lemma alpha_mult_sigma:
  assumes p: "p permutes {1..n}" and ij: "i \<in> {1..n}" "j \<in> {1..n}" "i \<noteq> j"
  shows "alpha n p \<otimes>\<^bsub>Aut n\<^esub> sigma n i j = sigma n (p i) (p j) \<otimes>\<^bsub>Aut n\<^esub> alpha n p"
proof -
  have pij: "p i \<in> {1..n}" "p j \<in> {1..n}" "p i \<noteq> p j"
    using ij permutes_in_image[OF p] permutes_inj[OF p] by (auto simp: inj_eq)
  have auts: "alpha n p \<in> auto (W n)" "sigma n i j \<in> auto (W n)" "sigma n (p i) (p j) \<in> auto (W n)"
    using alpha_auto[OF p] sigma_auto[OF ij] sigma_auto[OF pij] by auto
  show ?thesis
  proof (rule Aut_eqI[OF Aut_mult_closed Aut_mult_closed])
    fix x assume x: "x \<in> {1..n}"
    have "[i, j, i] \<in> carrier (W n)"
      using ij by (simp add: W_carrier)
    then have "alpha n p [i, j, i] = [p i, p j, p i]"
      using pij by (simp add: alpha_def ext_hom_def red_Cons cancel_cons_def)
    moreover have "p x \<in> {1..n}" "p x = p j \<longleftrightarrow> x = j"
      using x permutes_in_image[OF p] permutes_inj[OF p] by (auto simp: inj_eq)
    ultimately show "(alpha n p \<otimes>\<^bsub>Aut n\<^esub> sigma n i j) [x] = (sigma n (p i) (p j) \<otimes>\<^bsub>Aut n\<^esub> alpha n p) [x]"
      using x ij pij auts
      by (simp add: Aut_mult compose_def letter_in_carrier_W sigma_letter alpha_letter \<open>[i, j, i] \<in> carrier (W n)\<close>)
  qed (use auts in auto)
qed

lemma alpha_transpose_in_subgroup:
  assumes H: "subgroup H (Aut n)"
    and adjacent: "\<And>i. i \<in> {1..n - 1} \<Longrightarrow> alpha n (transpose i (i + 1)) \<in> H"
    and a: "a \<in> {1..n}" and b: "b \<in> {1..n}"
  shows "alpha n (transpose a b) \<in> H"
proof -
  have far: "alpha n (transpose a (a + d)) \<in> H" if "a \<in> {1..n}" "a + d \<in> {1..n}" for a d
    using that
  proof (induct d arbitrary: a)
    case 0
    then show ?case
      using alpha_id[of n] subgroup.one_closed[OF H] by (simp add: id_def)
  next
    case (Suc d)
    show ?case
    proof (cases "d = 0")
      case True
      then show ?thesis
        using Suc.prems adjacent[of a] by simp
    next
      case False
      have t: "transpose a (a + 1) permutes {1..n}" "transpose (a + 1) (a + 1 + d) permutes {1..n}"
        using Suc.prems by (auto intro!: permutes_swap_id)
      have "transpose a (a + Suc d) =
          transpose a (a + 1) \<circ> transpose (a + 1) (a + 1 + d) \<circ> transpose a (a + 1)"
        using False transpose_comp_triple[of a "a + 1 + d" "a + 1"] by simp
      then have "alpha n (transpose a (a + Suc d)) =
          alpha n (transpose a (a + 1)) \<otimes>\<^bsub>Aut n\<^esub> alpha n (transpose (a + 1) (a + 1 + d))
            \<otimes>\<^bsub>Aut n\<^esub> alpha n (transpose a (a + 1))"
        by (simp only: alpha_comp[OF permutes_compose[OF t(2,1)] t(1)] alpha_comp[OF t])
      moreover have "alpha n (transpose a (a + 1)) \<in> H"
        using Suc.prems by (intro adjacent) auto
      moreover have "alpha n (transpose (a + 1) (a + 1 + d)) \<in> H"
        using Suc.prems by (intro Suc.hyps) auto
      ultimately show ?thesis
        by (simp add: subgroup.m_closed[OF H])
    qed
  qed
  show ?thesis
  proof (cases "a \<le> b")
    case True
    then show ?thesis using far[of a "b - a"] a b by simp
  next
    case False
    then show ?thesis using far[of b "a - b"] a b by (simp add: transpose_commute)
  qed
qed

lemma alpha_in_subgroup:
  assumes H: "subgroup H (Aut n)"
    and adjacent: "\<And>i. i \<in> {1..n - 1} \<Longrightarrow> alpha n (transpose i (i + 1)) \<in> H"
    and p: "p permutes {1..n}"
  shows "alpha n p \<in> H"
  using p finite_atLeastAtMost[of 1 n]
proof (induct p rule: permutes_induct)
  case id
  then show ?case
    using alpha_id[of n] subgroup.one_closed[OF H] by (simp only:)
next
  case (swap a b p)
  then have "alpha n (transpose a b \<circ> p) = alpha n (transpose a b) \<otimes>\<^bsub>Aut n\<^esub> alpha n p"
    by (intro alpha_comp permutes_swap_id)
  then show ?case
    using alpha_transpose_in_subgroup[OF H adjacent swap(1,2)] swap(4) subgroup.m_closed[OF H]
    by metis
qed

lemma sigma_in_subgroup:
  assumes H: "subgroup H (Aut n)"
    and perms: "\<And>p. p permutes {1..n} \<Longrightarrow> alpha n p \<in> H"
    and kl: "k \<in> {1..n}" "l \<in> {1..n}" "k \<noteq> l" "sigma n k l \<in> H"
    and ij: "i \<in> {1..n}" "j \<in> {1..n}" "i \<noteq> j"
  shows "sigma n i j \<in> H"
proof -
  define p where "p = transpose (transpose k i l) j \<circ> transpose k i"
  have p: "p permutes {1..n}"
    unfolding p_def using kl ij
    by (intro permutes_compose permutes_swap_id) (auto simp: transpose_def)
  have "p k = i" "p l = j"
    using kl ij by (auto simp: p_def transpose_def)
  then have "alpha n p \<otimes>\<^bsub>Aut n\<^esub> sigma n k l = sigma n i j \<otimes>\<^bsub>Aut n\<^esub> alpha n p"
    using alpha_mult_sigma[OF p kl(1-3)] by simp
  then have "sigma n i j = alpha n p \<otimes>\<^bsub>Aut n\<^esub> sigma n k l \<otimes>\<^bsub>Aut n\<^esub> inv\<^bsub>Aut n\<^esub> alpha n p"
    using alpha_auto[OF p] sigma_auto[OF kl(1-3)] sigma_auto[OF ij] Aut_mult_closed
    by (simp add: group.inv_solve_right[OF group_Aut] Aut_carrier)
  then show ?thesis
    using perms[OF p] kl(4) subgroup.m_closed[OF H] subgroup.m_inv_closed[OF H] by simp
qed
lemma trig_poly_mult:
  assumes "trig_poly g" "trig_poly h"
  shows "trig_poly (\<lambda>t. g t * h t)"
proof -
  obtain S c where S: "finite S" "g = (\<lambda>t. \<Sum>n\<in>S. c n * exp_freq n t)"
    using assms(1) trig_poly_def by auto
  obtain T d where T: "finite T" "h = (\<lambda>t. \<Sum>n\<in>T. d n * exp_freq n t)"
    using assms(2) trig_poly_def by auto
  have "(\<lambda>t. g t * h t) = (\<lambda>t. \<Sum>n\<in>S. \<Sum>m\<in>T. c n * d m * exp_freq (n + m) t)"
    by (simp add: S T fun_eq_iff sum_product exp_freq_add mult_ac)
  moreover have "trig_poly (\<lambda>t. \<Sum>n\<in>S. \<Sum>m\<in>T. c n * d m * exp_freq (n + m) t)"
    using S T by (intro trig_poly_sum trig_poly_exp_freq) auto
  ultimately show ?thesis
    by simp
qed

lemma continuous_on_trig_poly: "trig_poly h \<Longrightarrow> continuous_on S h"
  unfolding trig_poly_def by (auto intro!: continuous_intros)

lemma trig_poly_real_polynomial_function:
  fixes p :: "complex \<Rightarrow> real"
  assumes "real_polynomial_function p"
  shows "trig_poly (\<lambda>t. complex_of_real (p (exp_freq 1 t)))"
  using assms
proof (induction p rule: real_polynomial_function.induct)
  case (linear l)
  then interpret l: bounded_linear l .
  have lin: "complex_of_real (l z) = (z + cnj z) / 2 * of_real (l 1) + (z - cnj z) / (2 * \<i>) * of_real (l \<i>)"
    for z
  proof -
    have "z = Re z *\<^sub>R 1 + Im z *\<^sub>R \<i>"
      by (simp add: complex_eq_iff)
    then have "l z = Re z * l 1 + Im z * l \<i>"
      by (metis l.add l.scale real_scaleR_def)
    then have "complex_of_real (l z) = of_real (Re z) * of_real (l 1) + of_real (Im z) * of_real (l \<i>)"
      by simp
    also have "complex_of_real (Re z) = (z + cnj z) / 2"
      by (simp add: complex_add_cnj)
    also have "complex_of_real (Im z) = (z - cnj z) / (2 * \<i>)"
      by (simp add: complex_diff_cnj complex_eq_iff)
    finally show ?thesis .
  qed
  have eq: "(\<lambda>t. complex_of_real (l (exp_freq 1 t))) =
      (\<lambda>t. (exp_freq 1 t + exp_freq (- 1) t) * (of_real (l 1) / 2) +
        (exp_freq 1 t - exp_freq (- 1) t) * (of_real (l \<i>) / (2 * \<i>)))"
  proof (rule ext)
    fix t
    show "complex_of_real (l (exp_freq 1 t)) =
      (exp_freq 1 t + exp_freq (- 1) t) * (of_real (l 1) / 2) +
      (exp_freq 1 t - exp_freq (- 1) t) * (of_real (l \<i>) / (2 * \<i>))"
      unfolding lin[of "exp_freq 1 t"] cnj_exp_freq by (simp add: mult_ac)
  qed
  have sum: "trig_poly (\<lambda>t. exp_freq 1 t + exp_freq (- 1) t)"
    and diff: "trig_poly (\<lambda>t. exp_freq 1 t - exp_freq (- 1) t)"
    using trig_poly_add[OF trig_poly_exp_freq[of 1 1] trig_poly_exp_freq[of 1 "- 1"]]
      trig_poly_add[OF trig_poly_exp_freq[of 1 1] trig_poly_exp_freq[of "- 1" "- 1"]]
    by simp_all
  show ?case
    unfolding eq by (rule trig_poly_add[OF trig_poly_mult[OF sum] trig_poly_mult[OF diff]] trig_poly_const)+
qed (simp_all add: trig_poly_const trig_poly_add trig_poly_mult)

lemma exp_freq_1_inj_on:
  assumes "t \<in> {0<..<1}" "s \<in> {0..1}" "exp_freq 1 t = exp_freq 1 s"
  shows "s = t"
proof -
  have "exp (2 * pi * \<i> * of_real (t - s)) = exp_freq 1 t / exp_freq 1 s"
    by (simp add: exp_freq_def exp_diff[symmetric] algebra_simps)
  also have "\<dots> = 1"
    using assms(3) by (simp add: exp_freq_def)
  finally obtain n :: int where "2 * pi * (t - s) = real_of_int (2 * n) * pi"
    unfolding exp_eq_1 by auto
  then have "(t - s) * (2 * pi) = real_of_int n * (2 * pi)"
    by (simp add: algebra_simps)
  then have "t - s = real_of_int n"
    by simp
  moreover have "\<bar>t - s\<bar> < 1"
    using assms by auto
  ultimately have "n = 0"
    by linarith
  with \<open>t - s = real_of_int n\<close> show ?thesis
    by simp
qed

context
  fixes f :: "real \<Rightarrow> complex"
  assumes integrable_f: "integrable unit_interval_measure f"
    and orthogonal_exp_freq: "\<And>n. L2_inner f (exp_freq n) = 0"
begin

-- -- --

Work task: Only the lines above, from the first through the one holding "using pij by", are to be output, and they must be copied exactly.

Problem solution:
lemma alpha_mult_sigma:
  assumes p: "p permutes {1..n}" and ij: "i \<in> {1..n}" "j \<in> {1..n}" "i \<noteq> j"
  shows "alpha n p \<otimes>\<^bsub>Aut n\<^esub> sigma n i j = sigma n (p i) (p j) \<otimes>\<^bsub>Aut n\<^esub> alpha n p"
proof -
  have pij: "p i \<in> {1..n}" "p j \<in> {1..n}" "p i \<noteq> p j"
    using ij permutes_in_image[OF p] permutes_inj[OF p] by (auto simp: inj_eq)
  have auts: "alpha n p \<in> auto (W n)" "sigma n i j \<in> auto (W n)" "sigma n (p i) (p j) \<in> auto (W n)"
    using alpha_auto[OF p] sigma_auto[OF ij] sigma_auto[OF pij] by auto
  show ?thesis
  proof (rule Aut_eqI[OF Aut_mult_closed Aut_mult_closed])
    fix x assume x: "x \<in> {1..n}"
    have "[i, j, i] \<in> carrier (W n)"
      using ij by (simp add: W_carrier)
    then have "alpha n p [i, j, i] = [p i, p j, p i]"
      using pij by (simp add: alpha_def ext_hom_def red_Cons cancel_cons_def)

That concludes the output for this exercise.